„Seid barmherzig, wie auch euer Vater barmherzig ist“ (Lk 6,36)
Das Wort barmherzig setzt sich aus den beiden Teilen barm und herzig zusammen. Barm kommt in vielen alten Sprachen vor und hat dort ähnliche Bedeutungen, die allesamt Nähe, Offenheit, Anteilnahme, Hilfsbereitschaft bezeichnen. Mit Herz ist hier natürlich nicht das Organ gemeint, sondern der Sitz der Leidenschaft. Wenn Jesus uns also auffordert, barmherzig zu sein, so meint er, dass wir uns mit all unserer Leidenschaft in geschwisterlicher Liebe dem Nächsten zuwenden sollen, grade so, als ob es dabei um unser eigenes Leben ginge.

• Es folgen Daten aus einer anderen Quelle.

(* Let $m,n\in\mathbb{N}$, $m<n$, and $f\in\mathcal{H}(\mathbb{D})$. Then \[ \Bigl(\sup_{a\in\mathbb{D}}\|f^m\circ\phi_a-f^m(a)\|_{H^2}\Bigr)^{1/m}\le \Bigl(\sup_{a\in\mathbb{D}}\|f^n\circ\phi_a-f^n(a)\|_{H^2}\Bigr)^{1/n}, \] \[ \Bigl(\sup_{a\in\mathbb{D}}\|f^m\circ\phi_a-f^m(a)\|_{A^2}\Bigr)^{1/m}\le \Bigl(\sup_{a\in\mathbb{D}}\|f^n\circ\phi_a-f^n(a)\|_{A^2}\Bigr)^{1/n}. \] In particular, if $f^n\in BMOA$ ($f^n\in\mathscr{B}$), then $f^m\in BMOA$ ($f^m\in\mathscr{B}$). Moreover, if $f^n\in VMOA$ ($f^n\in\mathscr{B}_0$), then $f^m\in VMOA$ ($f^m\in\mathscr{B}_0$).
   Context: $\mathcal{H}(\mathbb{D})$ is the space of analytic functions on the unit disc $\mathbb{D}$, $\phi_a(z)=\frac{a-z}{1-\overline{a}z}$ for $a\in\mathbb{D}$, $H^2$ is the Hardy space and $A^2$ the (unweighted) Bergman space. The quantities $\sup_{a\in\mathbb{D}}\|f\circ\phi_a-f(a)\|_{H^2}$ and $\sup_{a\in\mathbb{D}}\|f\circ\phi_a-f(a)\|_{A^2}$ are the Garsia seminorms of $BMOA$ and of the Bloch space $\mathscr{B}$ respectively; $BMOA$ ($\mathscr{B}$) consists of those $f$ for which the corresponding quantity is finite. $VMOA$ ($\mathscr{B}_0$) consists of $f\in H^2$ ($f\in A^2$) with $\lim_{|a|\to1^-}\|f\circ\phi_a-f(a)\|_{H^2}=0$ (respectively $\lim_{|a|\to1^-}\|f\circ\phi_a-f(a)\|_{A^2}=0$). *)

theory Defs
  imports "HOL-Analysis.Analysis"
begin

definition disc_phi :: "complex \<Rightarrow> complex \<Rightarrow> complex" where
  "disc_phi a z = (a - z) / (1 - cnj a * z)"

definition ennroot :: "nat \<Rightarrow> ennreal \<Rightarrow> ennreal" where
  "ennroot k x = (if x = top then top else ennreal (root k (enn2real x)))"

definition hardy_norm :: "(complex \<Rightarrow> complex) \<Rightarrow> ennreal" where
  "hardy_norm g = ennroot 2 (SUP r\<in>{0..<1::real}.
      ennreal (1 / (2 * pi)) *
      (\<integral>\<^sup>+ t\<in>{0..2*pi}. ennreal ((cmod (g (complex_of_real r * cis t)))\<^sup>2) \<partial>lborel))"

definition bergman_norm :: "(complex \<Rightarrow> complex) \<Rightarrow> ennreal" where
  "bergman_norm g = ennroot 2 (ennreal (1 / pi) *
      (\<integral>\<^sup>+ z\<in>ball 0 1. ennreal ((cmod (g z))\<^sup>2) \<partial>lborel))"

definition garsia_H2 :: "(complex \<Rightarrow> complex) \<Rightarrow> ennreal" where
  "garsia_H2 f = (SUP a\<in>ball 0 1. hardy_norm (\<lambda>z. f (disc_phi a z) - f a))"

definition garsia_A2 :: "(complex \<Rightarrow> complex) \<Rightarrow> ennreal" where
  "garsia_A2 f = (SUP a\<in>ball 0 1. bergman_norm (\<lambda>z. f (disc_phi a z) - f a))"

definition BMOA :: "(complex \<Rightarrow> complex) \<Rightarrow> bool" where
  "BMOA f \<longleftrightarrow> f holomorphic_on ball 0 1 \<and> garsia_H2 f < top"

definition Bloch :: "(complex \<Rightarrow> complex) \<Rightarrow> bool" where
  "Bloch f \<longleftrightarrow> f holomorphic_on ball 0 1 \<and> garsia_A2 f < top"

definition VMOA :: "(complex \<Rightarrow> complex) \<Rightarrow> bool" where
  "VMOA f \<longleftrightarrow> f holomorphic_on ball 0 1 \<and> hardy_norm f < top \<and>
     (\<forall>e>0. \<exists>r<1. \<forall>a\<in>ball 0 1. r < norm a \<longrightarrow>
        hardy_norm (\<lambda>z. f (disc_phi a z) - f a) < ennreal e)"

definition little_Bloch :: "(complex \<Rightarrow> complex) \<Rightarrow> bool" where
  "little_Bloch f \<longleftrightarrow> f holomorphic_on ball 0 1 \<and> bergman_norm f < top \<and>
     (\<forall>e>0. \<exists>r<1. \<forall>a\<in>ball 0 1. r < norm a \<longrightarrow>
        bergman_norm (\<lambda>z. f (disc_phi a z) - f a) < ennreal e)"

end

theory Submission
  imports Defs "HOL-Complex_Analysis.Complex_Analysis" "HOL-Probability.Probability_Measure"
begin

text \<open>
  Let \<open>h = f \<circ> \<phi>\<^sub>a\<close>, so \<open>h 0 = f a\<close>. By the mean value property the constant \<open>h 0 ^ k\<close> is
  orthogonal to \<open>h ^ k - h 0 ^ k\<close> on every circle \<open>|z| = r\<close>, so the circle mean of
  \<open>|h ^ k - h 0 ^ k|\<^sup>2\<close> is \<open>I\<^sub>k - y ^ k\<close>, where \<open>I\<^sub>k\<close> is the circle mean of \<open>|h| ^ (2 * k)\<close> and
  \<open>y = |h 0|\<^sup>2\<close>. Lyapunov's inequality gives \<open>I\<^sub>m ^ n \<le> I\<^sub>n ^ m\<close>, and the superadditivity of
  \<open>t \<mapsto> t powr (n / m)\<close> turns this into \<open>(I\<^sub>m - y ^ m) ^ n \<le> (I\<^sub>n - y ^ n) ^ m\<close>. Taking the
  supremum over \<open>r\<close> gives the Hardy estimate. For the Bergman norm, rotation invariance of
  area measure replaces \<open>|h ^ k - h 0 ^ k|\<^sup>2\<close> by its circle means, and Lyapunov's inequality
  on the disc concludes. Since these estimates hold for each \<open>a\<close>, they pass to the
  suprema and to the limits as \<open>|a| \<rightarrow> 1\<close>; finiteness of the norms of \<open>f ^ m\<close> follows from
  \<open>|w| ^ (2 * m) \<le> 1 + |w| ^ (2 * n)\<close>.
\<close>

section \<open>Roots and powers in \<open>ennreal\<close>\<close>

lemma ennreal_power_strict_mono:
  fixes x y :: ennreal
  assumes "x < y" "0 < n"
  shows "x ^ n < y ^ n"
proof -
  obtain a where a: "x = ennreal a" "0 \<le> a"
    using assms(1) by (cases x rule: ennreal_cases) auto
  show ?thesis
  proof (cases "y = top")
    case True
    then show ?thesis using a assms(2) by (simp add: ennreal_power power_eq_top_ennreal top.not_eq_extremum)
  next
    case False
    then obtain b where b: "y = ennreal b" "0 \<le> b" by (cases y rule: ennreal_cases) auto
    then have "a < b" using a assms(1) by (simp add: ennreal_less_iff)
    then show ?thesis using a b assms(2) by (simp add: ennreal_power ennreal_less_iff power_strict_mono)
  qed
qed

lemma ennreal_power_le_imp_le:
  fixes x y :: ennreal
  assumes "x ^ n \<le> y ^ n" "0 < n"
  shows "x \<le> y"
  using ennreal_power_strict_mono[of y x n] assms by (meson not_le)

lemma ennroot_power: "0 < k \<Longrightarrow> ennroot k x ^ k = x"
  by (cases "x = top")
     (simp_all add: ennroot_def power_eq_top_ennreal ennreal_power real_root_pow_pos2 less_top)

lemma ennreal_power_le_power_iff:
  fixes x y :: ennreal
  shows "0 < n \<Longrightarrow> x ^ n \<le> y ^ n \<longleftrightarrow> x \<le> y"
  using ennreal_power_le_imp_le power_mono_ennreal by blast

lemma ennroot_le_iff: "0 < k \<Longrightarrow> ennroot k x \<le> y \<longleftrightarrow> x \<le> y ^ k"
  using ennreal_power_le_power_iff[of k "ennroot k x" y] by (simp add: ennroot_power)

lemma le_ennroot_iff: "0 < k \<Longrightarrow> y \<le> ennroot k x \<longleftrightarrow> y ^ k \<le> x"
  using ennreal_power_le_power_iff[of k y "ennroot k x"] by (simp add: ennroot_power)

lemma ennroot_less_top_iff: "0 < k \<Longrightarrow> ennroot k x < top \<longleftrightarrow> x < top"
  by (simp add: ennroot_def top.not_eq_extremum)

lemma ennroot_le_ennroot_iff:
  assumes "0 < a" "0 < b"
  shows "ennroot a X \<le> ennroot b Y \<longleftrightarrow> X ^ b \<le> Y ^ a"
proof -
  have "ennroot a X \<le> ennroot b Y \<longleftrightarrow> X \<le> ennroot b Y ^ a"
    using ennroot_le_iff[OF assms(1)] .
  also have "\<dots> \<longleftrightarrow> X ^ b \<le> (ennroot b Y ^ a) ^ b"
    using ennreal_power_le_power_iff[OF assms(2)] by blast
  also have "(ennroot b Y ^ a) ^ b = Y ^ a"
    by (metis ennroot_power[OF assms(2)] mult.commute power_mult)
  finally show ?thesis .
qed

lemma ennroot_power_le_power:
  assumes "X ^ b \<le> Y ^ a" "0 < k"
  shows "ennroot k X ^ b \<le> ennroot k Y ^ a"
proof (rule ennreal_power_le_imp_le[OF _ \<open>0 < k\<close>])
  show "(ennroot k X ^ b) ^ k \<le> (ennroot k Y ^ a) ^ k"
    using assms by (metis ennroot_power mult.commute power_mult)
qed

lemma SUP_power_le_power:
  fixes f g :: "'a \<Rightarrow> ennreal"
  assumes "\<And>i. i \<in> A \<Longrightarrow> f i ^ n \<le> g i ^ m" "0 < n"
  shows "(SUP i\<in>A. f i) ^ n \<le> (SUP i\<in>A. g i) ^ m"
proof -
  have "f i \<le> ennroot n ((SUP i\<in>A. g i) ^ m)" if "i \<in> A" for i
  proof -
    have "g i ^ m \<le> (SUP i\<in>A. g i) ^ m" by (intro power_mono_ennreal SUP_upper that)
    with assms(1)[OF that] have "f i ^ n \<le> (SUP i\<in>A. g i) ^ m" by (rule order.trans)
    then show ?thesis using le_ennroot_iff[OF assms(2)] by blast
  qed
  then have "(SUP i\<in>A. f i) \<le> ennroot n ((SUP i\<in>A. g i) ^ m)" by (rule SUP_least)
  then show ?thesis using le_ennroot_iff[OF assms(2)] by blast
qed

lemma ennroot_SUP_le_ennroot_SUP:
  fixes X Y :: "'a \<Rightarrow> ennreal"
  assumes "\<And>i. i \<in> A \<Longrightarrow> X i ^ n \<le> Y i ^ m" "0 < m" "0 < n"
  shows "ennroot m (SUP i\<in>A. X i) \<le> ennroot n (SUP i\<in>A. Y i)"
  unfolding ennroot_le_ennroot_iff[OF assms(2,3)] by (rule SUP_power_le_power[OF assms(1,3)])

lemma power_less_ennreal_imp_less:
  fixes X Y :: ennreal
  assumes "X ^ n \<le> Y ^ m" "Y < ennreal (root m (e ^ n))" "0 < m" "0 < n" "0 < e"
  shows "X < ennreal e"
proof (rule ccontr)
  assume "\<not> X < ennreal e"
  then have "ennreal e ^ n \<le> X ^ n" by (simp add: power_mono_ennreal)
  also have "\<dots> \<le> Y ^ m" by (rule assms(1))
  also have "\<dots> < ennreal (root m (e ^ n)) ^ m" by (rule ennreal_power_strict_mono[OF assms(2,3)])
  also have "\<dots> = ennreal (root m (e ^ n) ^ m)"
    by (rule ennreal_power) (use assms in \<open>simp add: real_root_ge_zero\<close>)
  also have "\<dots> = ennreal (e ^ n)" using assms by simp
  also have "\<dots> = ennreal e ^ n" using assms by (simp add: ennreal_power)
  finally show False by simp
qed

lemma powr_superadditive:
  fixes a b p :: real
  assumes "0 \<le> a" "0 \<le> b" "1 \<le> p"
  shows "a powr p + b powr p \<le> (a + b) powr p"
proof -
  have split: "x powr p = x * x powr (p - 1)" if "0 \<le> x" for x :: real
    using that assms(3) by (cases "x = 0") (simp_all add: powr_mult_base)
  have "a * a powr (p - 1) + b * b powr (p - 1) \<le> a * (a + b) powr (p - 1) + b * (a + b) powr (p - 1)"
    using assms by (intro add_mono mult_left_mono powr_mono2) auto
  then show ?thesis
    using split[of a] split[of b] split[of "a + b"] assms by (simp add: distrib_right)
qed

lemma power_powr_divide:
  fixes t :: real
  assumes "0 \<le> t" "0 < m" "0 < n"
  shows "(t ^ m) powr (real n / real m) = t ^ n"
proof (cases "t = 0")
  case False
  then have "(t ^ m) powr (real n / real m) = (t powr real m) powr (real n / real m)"
    using assms by (simp add: powr_realpow)
  also have "\<dots> = t powr real n" using assms by (simp add: powr_powr)
  also have "\<dots> = t ^ n" using assms False by (simp add: powr_realpow)
  finally show ?thesis .
qed (use assms in \<open>simp add: power_0_left\<close>)

lemma powr_divide_power:
  fixes t :: real
  assumes "0 \<le> t" "0 < m" "0 < n"
  shows "(t powr (real n / real m)) ^ m = t ^ n"
proof (cases "t = 0")
  case False
  then show ?thesis using assms by (simp add: powr_realpow[symmetric] powr_powr)
qed (use assms in \<open>simp add: power_0_left\<close>)

lemma power_diff_power_le:
  fixes x y :: real
  assumes "0 < m" "m < n" "0 \<le> y" "y \<le> x"
  shows "(x ^ m - y ^ m) ^ n \<le> (x ^ n - y ^ n) ^ m"
proof -
  define p where "p = real n / real m"
  define d where "d = x ^ m - y ^ m"
  have p: "1 \<le> p" using assms by (simp add: p_def)
  have d: "0 \<le> d" using assms by (simp add: d_def power_mono)
  have "d powr p + (y ^ m) powr p \<le> (d + y ^ m) powr p"
    using powr_superadditive[OF d _ p] assms by simp
  then have "d powr p \<le> x ^ n - y ^ n"
    using power_powr_divide[of x m n] power_powr_divide[of y m n] assms by (simp add: d_def p_def)
  have "d ^ n = (d powr p) ^ m" using powr_divide_power[OF d assms(1), of n] assms by (simp add: p_def)
  also have "\<dots> \<le> (x ^ n - y ^ n) ^ m" using \<open>d powr p \<le> x ^ n - y ^ n\<close> by (simp add: power_mono)
  finally show ?thesis by (simp add: d_def)
qed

Auch wer mit „Nächster“ gemeint ist, wird durch die Stelle, an der dieser Spruch auftaucht, deutlich. Die Jahreslosung 2021 gehört zu dem Teil der Bergpredigt in dem Jesus von der Feindesliebe spricht. Nächster ist damit immer das unmittelbare Gegenüber ohne Ansehen der Person (Freund oder Feind?). In jener Zeit ohne Massenmedien beschränkte sich das natürlich auf die Menschen, denen man auf der Straße begegnet und das hat sich bis heute nicht geändert. Hinzu gekommen sind heute jedoch die Nächsten, die uns über die Medien begegnen und hier kann der Einzelne dann durchaus in Situationen kommen, in denen er sich überlastet fühlt. „Ich kann doch nicht die ganze Welt retten!“ Richtig, das hat Jesus schon getan. Und er möchte auch nicht, dass wir uns selbst ausbeuten. Hier spielt wiederum das Herz eine Rolle.